_EXERCISE DATA_
lemma stab_subgroup:
  assumes P: "premaniplex n F adj" and "x0 \<in> F"
  shows "subgroup (stab n adj x0) (cox_group n)"
proof -
  interpret group "cox_group n" by (rule group_cox_group)
  show ?thesis
  proof (rule subgroupI)
    show "stab n adj x0 \<subseteq> carrier (cox_group n)"
      by (auto simp: stab_def)
    show "stab n adj x0 \<noteq> {}"
      using cact_one[OF P assms(2)] by (auto simp: stab_def)
  next
    fix g assume "g \<in> stab n adj x0"
    then have g: "g \<in> carrier (cox_group n)" "cact adj g x0 = x0"
      by (auto simp: stab_def)
    have "cact adj (inv\<^bsub>cox_group n\<^esub> g) x0 = cact adj (inv\<^bsub>cox_group n\<^esub> g) (cact adj g x0)"
      using g by simp
    also have "\<dots> = cact adj (inv\<^bsub>cox_group n\<^esub> g \<otimes>\<^bsub>cox_group n\<^esub> g) x0"
      by (rule cact_mult[symmetric, OF P inv_closed[OF g(1)] g(1) assms(2)])
    also have "\<dots> = x0"
      using g cact_one[OF P assms(2)] by simp
    finally show "inv\<^bsub>cox_group n\<^esub> g \<in> stab n adj x0"
      using g by (simp add: stab_def)
  next
    fix g h assume "g \<in> stab n adj x0" "h \<in> stab n adj x0"
    then show "g \<otimes>\<^bsub>cox_group n\<^esub> h \<in> stab n adj x0"
      using cact_mult[OF P _ _ assms(2)] by (auto simp: stab_def)
  qed
qed

section \<open>Coverings of coset premaniplexes\<close>

lemma pm_connected_cact_orbit:
  assumes P: "premaniplex n F adj" and "pm_connected n F adj" "x0 \<in> F" "x \<in> F"
  shows "\<exists>g\<in>carrier (cox_group n). cact adj g x0 = x"
proof -
  obtain w where "cox_word n w" "wact adj w x0 = x"
    using assms unfolding pm_connected_def by blast
  then show ?thesis
    using cact_cox_class[OF P _ assms(3)] cox_class_closed by blast
qed

lemma l_coset_eq_if_cact_eq:
  assumes P: "premaniplex n F adj" and x0: "x0 \<in> F"
    and K: "subgroup K (cox_group n)" "stab n adj x0 \<subseteq> K"
    and g: "g \<in> carrier (cox_group n)" and h: "h \<in> carrier (cox_group n)"
    and gh: "cact adj g x0 = cact adj h x0"
  shows "g <#\<^bsub>cox_group n\<^esub> K = h <#\<^bsub>cox_group n\<^esub> K"
proof -
  interpret group "cox_group n" by (rule group_cox_group)
  define k where "k = inv\<^bsub>cox_group n\<^esub> g \<otimes>\<^bsub>cox_group n\<^esub> h"
  have k: "k \<in> carrier (cox_group n)"
    using g h by (simp add: k_def)
  have "cact adj k x0 = cact adj (inv\<^bsub>cox_group n\<^esub> g) (cact adj g x0)"
    using cact_mult[OF P inv_closed[OF g] h x0] gh by (simp add: k_def)
  also have "\<dots> = x0"
    using cact_mult[OF P inv_closed[OF g] g x0] g cact_one[OF P x0] by simp
  finally have "k \<in> K"
    using k K(2) by (auto simp: stab_def)
  moreover have "h = g \<otimes>\<^bsub>cox_group n\<^esub> k"
    using g h by (simp add: k_def m_assoc[symmetric])
  ultimately have "h \<in> g <#\<^bsub>cox_group n\<^esub> K"
    unfolding l_coset_def by blast
  then show ?thesis
    using l_repr_independence g K(1) by blast
qed

text \<open>The covering sends the flag g x0 to the coset gK.\<close>

lemma connected_covers_coset_premaniplex:
  assumes P: "premaniplex n F adj" and conn: "pm_connected n F adj" and x0: "x0 \<in> F"
    and K: "subgroup K (cox_group n)" "stab n adj x0 \<subseteq> K"
  shows "covers n F adj (coset_flags n K) (coset_adj n)"
proof -
  interpret group "cox_group n" by (rule group_cox_group)
  define \<phi> where
    "\<phi> x = (SOME g. g \<in> carrier (cox_group n) \<and> cact adj g x0 = x) <#\<^bsub>cox_group n\<^esub> K" for x
  have \<phi>: "\<phi> (cact adj g x0) = g <#\<^bsub>cox_group n\<^esub> K" if g: "g \<in> carrier (cox_group n)" for g
  proof -
    let ?g' = "SOME g'. g' \<in> carrier (cox_group n) \<and> cact adj g' x0 = cact adj g x0"
    have "?g' \<in> carrier (cox_group n) \<and> cact adj ?g' x0 = cact adj g x0"
      by (rule someI[of _ g]) (use g in simp)
    then show ?thesis
      unfolding \<phi>_def using l_coset_eq_if_cact_eq[OF P x0 K] g by metis
  qed
  have "\<phi> ` F = coset_flags n K"
  proof
    show "\<phi> ` F \<subseteq> coset_flags n K"
      using pm_connected_cact_orbit[OF P conn x0] \<phi> unfolding coset_flags_def by fastforce
    show "coset_flags n K \<subseteq> \<phi> ` F"
      using cact_closed[OF P _ x0] \<phi> unfolding coset_flags_def by (auto intro!: image_eqI)
  qed
  moreover have "\<phi> (adj i x) = coset_adj n i (\<phi> x)" if "x \<in> F" "i < n" for x i
  proof -
    obtain g where g: "g \<in> carrier (cox_group n)" "cact adj g x0 = x"
      using pm_connected_cact_orbit[OF P conn x0 \<open>x \<in> F\<close>] by blast
    have r: "cox_gen n i \<in> carrier (cox_group n)"
      using \<open>i < n\<close> by (rule cox_gen_closed)
    have "adj i x = cact adj (cox_gen n i \<otimes>\<^bsub>cox_group n\<^esub> g) x0"
      using cact_mult[OF P r g(1) x0] cact_cox_gen[OF P \<open>i < n\<close> \<open>x \<in> F\<close>] g(2) by simp
    then have "\<phi> (adj i x) = (cox_gen n i \<otimes>\<^bsub>cox_group n\<^esub> g) <#\<^bsub>cox_group n\<^esub> K"
      using \<phi> r g(1) by simp
    also have "\<dots> = cox_gen n i <#\<^bsub>cox_group n\<^esub> (g <#\<^bsub>cox_group n\<^esub> K)"
      using lcos_m_assoc[OF subgroup.subset[OF K(1)] r g(1)] by simp
    also have "\<dots> = coset_adj n i (\<phi> x)"
      using \<phi>[OF g(1)] g(2) by (simp add: coset_adj_def)
    finally show ?thesis .
  qed
  ultimately show ?thesis
    unfolding covers_def by blast
qed

section \<open>The regular premaniplex and relabelling of flags\<close>

definition regular_adj :: "nat \<Rightarrow> nat \<Rightarrow> nat list set \<Rightarrow> nat list set" where
  "regular_adj n i g = cox_gen n i \<otimes>\<^bsub>cox_group n\<^esub> g"

lemma wact_regular_adj:
  assumes "cox_word n w" "g \<in> carrier (cox_group n)"
  shows "wact (regular_adj n) w g = cox_class n w \<otimes>\<^bsub>cox_group n\<^esub> g"
proof -
  interpret group "cox_group n" by (rule group_cox_group)
  show ?thesis
    using assms(1)
  proof (induction w)
    case Nil
    then show ?case
      using assms(2) by (simp add: cox_group_one[symmetric])
  next
    case (Cons i w)
    then have "cox_class n (i # w) = cox_gen n i \<otimes>\<^bsub>cox_group n\<^esub> cox_class n w"
      using cox_class_mult[where n=n and a="[i]" and b=w] by (simp add: cox_gen_def)
    with Cons show ?case
      using assms(2) by (simp add: regular_adj_def m_assoc cox_gen_closed)
  qed
qed

lemma premaniplex_regular: "premaniplex n (carrier (cox_group n)) (regular_adj n)"
proof -
  interpret group "cox_group n" by (rule group_cox_group)
  have relator: "wact (regular_adj n) w g = g"
    if "cox_eq n w []" "g \<in> carrier (cox_group n)" for w g
  proof -
    have "cox_word n w"
      using cox_eq_words[OF that(1)] by blast
    then show ?thesis
      using that wact_regular_adj cox_class_eq[OF that(1)] by (simp add: cox_group_one[symmetric])
  qed
  show ?thesis
    unfolding premaniplex_def
  proof (intro conjI allI impI ballI)
    fix i g assume "i < n" "g \<in> carrier (cox_group n)"
    then show "regular_adj n i g \<in> carrier (cox_group n)"
      by (simp add: regular_adj_def cox_gen_closed)
    have "cox_eq n ([] @ [i, i] @ []) ([] @ [])"
      using \<open>i < n\<close> by (intro cox_eq.cancel) auto
    then show "regular_adj n i (regular_adj n i g) = g"
      using relator[of "[i, i]" g] \<open>g \<in> carrier (cox_group n)\<close> by simp
  next
    fix i j g assume ij: "i < n" "j < n" "i + 2 \<le> j \<or> j + 2 \<le> i"
      and g: "g \<in> carrier (cox_group n)"
    have "cox_eq n ([i] @ [j, i] @ [j]) ([i] @ [i, j] @ [j])"
      using ij by (intro cox_eq.comm) auto
    moreover have "cox_eq n ([] @ [i, i] @ [j, j]) ([] @ [j, j])"
      using ij by (intro cox_eq.cancel) auto
    moreover have "cox_eq n ([] @ [j, j] @ []) ([] @ [])"
      using ij by (intro cox_eq.cancel) auto
    ultimately have "cox_eq n [i, j, i, j] []"
      by (auto intro: cox_eq.trans)
    then show "regular_adj n i (regular_adj n j (regular_adj n i (regular_adj n j g))) = g"
      using relator[of "[i, j, i, j]" g] g by simp
  qed
qed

_WHAT YOU WILL DO_
From the material above, retype precisely the lines between the line holding "cact adj g'" and the line holding "using \<phi> r g(1) by simp", inclusive, and nothing beyond them.

_SOLUTION TO THIS TASK_
    let ?g' = "SOME g'. g' \<in> carrier (cox_group n) \<and> cact adj g' x0 = cact adj g x0"
    have "?g' \<in> carrier (cox_group n) \<and> cact adj ?g' x0 = cact adj g x0"
      by (rule someI[of _ g]) (use g in simp)
    then show ?thesis
      unfolding \<phi>_def using l_coset_eq_if_cact_eq[OF P x0 K] g by metis
  qed
  have "\<phi> ` F = coset_flags n K"
  proof
    show "\<phi> ` F \<subseteq> coset_flags n K"
      using pm_connected_cact_orbit[OF P conn x0] \<phi> unfolding coset_flags_def by fastforce
    show "coset_flags n K \<subseteq> \<phi> ` F"
      using cact_closed[OF P _ x0] \<phi> unfolding coset_flags_def by (auto intro!: image_eqI)
  qed
  moreover have "\<phi> (adj i x) = coset_adj n i (\<phi> x)" if "x \<in> F" "i < n" for x i
  proof -
    obtain g where g: "g \<in> carrier (cox_group n)" "cact adj g x0 = x"
      using pm_connected_cact_orbit[OF P conn x0 \<open>x \<in> F\<close>] by blast
    have r: "cox_gen n i \<in> carrier (cox_group n)"
      using \<open>i < n\<close> by (rule cox_gen_closed)
    have "adj i x = cact adj (cox_gen n i \<otimes>\<^bsub>cox_group n\<^esub> g) x0"
      using cact_mult[OF P r g(1) x0] cact_cox_gen[OF P \<open>i < n\<close> \<open>x \<in> F\<close>] g(2) by simp
    then have "\<phi> (adj i x) = (cox_gen n i \<otimes>\<^bsub>cox_group n\<^esub> g) <#\<^bsub>cox_group n\<^esub> K"
      using \<phi> r g(1) by simp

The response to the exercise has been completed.